lemma comod_down_layer:
  assumes comod: "comod n I f" and I0: "0 \<in> I" and s: "\<sigma> permutes {1..n}"
    and x: "x \<in> cube n I" "sorted_by n \<sigma> x" and k: "1 \<le> k" "k \<le> n" and ng: "x (\<sigma> k) < 0"
  shows "f (restr x (Adown \<sigma> k)) - f (restr x (Adown \<sigma> (k - 1)))
       = f (scind (x (\<sigma> k)) (Adown \<sigma> k)) - f (scind (x (\<sigma> k)) (Adown \<sigma> (k - 1)))"
proof -
  define c where "c = x (\<sigma> k)"
  define a where "a = restr x (Adown \<sigma> (k - 1))"
  define b where "b = scind c (Adown \<sigma> k)"
  have le: "\<And>j. 1 \<le> j \<Longrightarrow> j \<le> k \<Longrightarrow> x (\<sigma> j) \<le> c"
    using x(2) k unfolding sorted_by_def c_def by auto
  have c_in: "c \<in> I" unfolding c_def using cube_in[OF x(1)] permutes_in_image[OF s] k by auto
  have a_cube: "a \<in> cube n I" unfolding a_def using restr_cube[OF x(1) I0] .
  have b_cube: "b \<in> cube n I" unfolding b_def using scind_cube[OF c_in I0 Adown_subset[OF s k(2)]] .
  have a_sorted: "sorted_by n \<sigma> a"
    unfolding a_def
  proof (rule restr_Adown_sorted[OF s x(2)])
    fix j assume "1 \<le> j" "j \<le> k - 1"
    then have "1 \<le> j" "j \<le> k" by linarith+
    then show "x (\<sigma> j) \<le> 0" using le[of j] ng c_def by simp
  qed
  have b_sorted: "sorted_by n \<sigma> b"
    unfolding b_def using scind_Adown_sorted[OF s] ng c_def by simp
  have modular: "f a + f b = f (\<lambda>i. min (a i) (b i)) + f (\<lambda>i. max (a i) (b i))"
    by (rule comodD[OF comod s a_cube b_cube a_sorted b_sorted])
  have meet: "(\<lambda>i. min (a i) (b i)) = restr x (Adown \<sigma> k)"
  proof (rule cube_eqI[OF min_cube[OF a_cube b_cube] restr_cube[OF x(1) I0] s])
    fix j assume "j \<in> {1..n}"
    then show "min (a (\<sigma> j)) (b (\<sigma> j)) = restr x (Adown \<sigma> k) (\<sigma> j)"
      using le[of j] ng unfolding a_def b_def restr_def scind_def Adown_mem[OF s] c_def
      by (cases "j = k") auto
  qed
  have join: "(\<lambda>i. max (a i) (b i)) = scind c (Adown \<sigma> (k - 1))"
  proof (rule cube_eqI[OF max_cube[OF a_cube b_cube] scind_cube[OF c_in I0] s])
    show "Adown \<sigma> (k - 1) \<subseteq> {1..n}" using Adown_subset[OF s] k by simp
    fix j assume "j \<in> {1..n}"
    then show "max (a (\<sigma> j)) (b (\<sigma> j)) = scind c (Adown \<sigma> (k - 1)) (\<sigma> j)"
      using le[of j] ng unfolding a_def b_def restr_def scind_def Adown_mem[OF s] c_def
      by (cases "j = k") auto
  qed
  from modular[unfolded meet join] show ?thesis unfolding a_def b_def c_def by linarith
qed

definition sign_index :: "nat \<Rightarrow> (nat \<Rightarrow> nat) \<Rightarrow> (nat \<Rightarrow> real) \<Rightarrow> nat \<Rightarrow> bool" where
  "sign_index n \<sigma> x p \<longleftrightarrow> p \<le> n \<and> (p = 0 \<or> x (\<sigma> p) < 0) \<and> (p = n \<or> 0 \<le> x (\<sigma> (p + 1)))"

lemma sign_index_exists: "\<exists>p. sign_index n \<sigma> x p"
proof -
  define S where "S = {0} \<union> {i \<in> {1..n}. x (\<sigma> i) < 0}"
  define p where "p = Max S"
  have fin: "finite S" unfolding S_def by auto
  have "p \<in> S" unfolding p_def by (rule Max_in[OF fin]) (simp add: S_def)
  then have "p \<le> n" "p = 0 \<or> x (\<sigma> p) < 0" unfolding S_def by auto
  moreover have "p = n \<or> 0 \<le> x (\<sigma> (p + 1))"
  proof (rule ccontr)
    assume "\<not> ?thesis"
    then have "p + 1 \<in> S" using \<open>p \<le> n\<close> unfolding S_def by auto
    then show False using Max_ge[OF fin] unfolding p_def[symmetric] by fastforce
  qed
  ultimately show ?thesis unfolding sign_index_def by blast
qed

lemma sign_index_neg:
  assumes "sorted_by n \<sigma> x" "sign_index n \<sigma> x p" "1 \<le> j" "j \<le> p"
  shows "x (\<sigma> j) < 0"
proof -
  have "x (\<sigma> p) < 0" "p \<le> n" using assms(2-4) unfolding sign_index_def by auto
  moreover have "x (\<sigma> j) \<le> x (\<sigma> p)" using assms(1,3,4) \<open>p \<le> n\<close> unfolding sorted_by_def by auto
  ultimately show ?thesis by linarith
qed

lemma sign_index_nonneg:
  assumes "sorted_by n \<sigma> x" "sign_index n \<sigma> x p" "p < j" "j \<le> n"
  shows "0 \<le> x (\<sigma> j)"
proof -
  have "0 \<le> x (\<sigma> (p + 1))" using assms(2-4) unfolding sign_index_def by auto
  moreover have "x (\<sigma> (p + 1)) \<le> x (\<sigma> j)" using assms(1,3,4) unfolding sorted_by_def by auto
  ultimately show ?thesis by linarith
qed

lemma vpos_as_restr:
  assumes "\<sigma> permutes {1..n}" "x \<in> cube n I" "0 \<in> I" "sorted_by n \<sigma> x" "sign_index n \<sigma> x p"
  shows "vpos x = restr x (Aup n \<sigma> (Suc p))"
proof (rule cube_eqI[OF vpos_cube[OF assms(2,3)] restr_cube[OF assms(2,3)] assms(1)])
  fix j assume "j \<in> {1..n}"
  then show "vpos x (\<sigma> j) = restr x (Aup n \<sigma> (Suc p)) (\<sigma> j)"
    using sign_index_neg[OF assms(4,5), of j] sign_index_nonneg[OF assms(4,5), of j]
    unfolding vpos_def restr_def Aup_mem[OF assms(1)] by (cases "p < j") auto
qed

lemma vneg_as_restr:
  assumes "\<sigma> permutes {1..n}" "x \<in> cube n I" "0 \<in> I" "sorted_by n \<sigma> x" "sign_index n \<sigma> x p"
  shows "(\<lambda>i. - vneg x i) = restr x (Adown \<sigma> p)"
proof (rule cube_eqI[OF vneg_cube[OF assms(2,3)] restr_cube[OF assms(2,3)] assms(1)])
  fix j assume "j \<in> {1..n}"
  then show "- vneg x (\<sigma> j) = restr x (Adown \<sigma> p) (\<sigma> j)"
    using sign_index_neg[OF assms(4,5), of j] sign_index_nonneg[OF assms(4,5), of j]
    unfolding vneg_def vpos_def restr_def Adown_mem[OF assms(1)] by (cases "p < j") auto
qed

section \<open>(i) implies (ii) and (iii)\<close>

lemma comod_imp_ii:
  assumes "comod n I f" "0 \<in> I"
  shows "cond_ii n I f f f"
  unfolding cond_ii_def
proof (intro conjI ballI)
  show "comod n (Ipos I) f" "comod n (Ineg I) f"
    using comod_mono[OF _ assms(1)] unfolding Ipos_def Ineg_def by blast+
  fix x assume "x \<in> cube n I"
  from comod_split_at_zero[OF assms(1) this assms(2)]
  show "shift0 f x = shift0 f (vpos x) + shift0 f (\<lambda>i. - vneg x i)"
    unfolding shift0_def by linarith
qed

text \<open>Telescoping the layer steps over A^up(n+1) \<subseteq> ... \<subseteq> A^up(p+1) yields
  f_0(x^+) as the g-sum of (iii), and over A^down(0) \<subseteq> ... \<subseteq> A^down(p) yields
  f_0(-x^-) as the h-sum.\<close>

lemma comod_up_sum:
  assumes comod: "comod n I f" and I0: "0 \<in> I" and s: "\<sigma> permutes {1..n}"
    and x: "x \<in> cube n I" "sorted_by n \<sigma> x" and p: "sign_index n \<sigma> x p"
  shows "(\<Sum>i=p+1..n. f (scind (x (\<sigma> i)) (Aup n \<sigma> i)) - f (scind (x (\<sigma> i)) (Aup n \<sigma> (i + 1))))
       = shift0 f (vpos x)"
proof -
  define W where "W i = f (restr x (Aup n \<sigma> i))" for i
  have "p \<le> n" using p unfolding sign_index_def by simp
  have "(\<Sum>i=p+1..n. f (scind (x (\<sigma> i)) (Aup n \<sigma> i)) - f (scind (x (\<sigma> i)) (Aup n \<sigma> (i + 1))))
      = (\<Sum>i=Suc p..n. W i - W (Suc i))"
    using comod_up_layer[OF comod I0 s x] sign_index_nonneg[OF x(2) p]
    by (intro sum.cong) (auto simp: W_def)
  also have "\<dots> = W (Suc p) - W (Suc n)"
    using sum_Suc_diff[of "Suc p" n "\<lambda>i. - W i"] \<open>p \<le> n\<close> by simp
  also have "\<dots> = shift0 f (vpos x)"
    unfolding W_def shift0_def vpos_as_restr[OF s x(1) I0 x(2) p] Aup_def
    by (simp add: restr_empty)
  finally show ?thesis .
qed

lemma comod_down_sum:
  assumes comod: "comod n I f" and I0: "0 \<in> I" and s: "\<sigma> permutes {1..n}"
    and x: "x \<in> cube n I" "sorted_by n \<sigma> x" and p: "sign_index n \<sigma> x p"
  shows "(\<Sum>i=1..p. f (scind (x (\<sigma> i)) (Adown \<sigma> i)) - f (scind (x (\<sigma> i)) (Adown \<sigma> (i - 1))))
       = shift0 f (\<lambda>i. - vneg x i)"
proof -
  define V where "V i = f (restr x (Adown \<sigma> i))" for i
  have "p \<le> n" using p unfolding sign_index_def by simp
  have "(\<Sum>i=1..p. f (scind (x (\<sigma> i)) (Adown \<sigma> i)) - f (scind (x (\<sigma> i)) (Adown \<sigma> (i - 1))))
      = (\<Sum>i=Suc 0..p. V i - V (i - 1))"
    using comod_down_layer[OF comod I0 s x] sign_index_neg[OF x(2) p] \<open>p \<le> n\<close>
    by (intro sum.cong) (auto simp: V_def)
  also have "\<dots> = V p - V 0" by (rule sum_telescope'') simp
  also have "\<dots> = shift0 f (\<lambda>i. - vneg x i)"
    unfolding V_def shift0_def vneg_as_restr[OF s x(1) I0 x(2) p] Adown_def
    by (simp add: restr_empty)
  finally show ?thesis .
qed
■ ■ ■
Assignment:
Wherever a line in the data above holds "join", copy that line.

Solution to the problem:
  have join: "(\<lambda>i. max (a i) (b i)) = scind c (Adown \<sigma> (k - 1))"
  from modular[unfolded meet join] show ?thesis unfolding a_def b_def c_def by linarith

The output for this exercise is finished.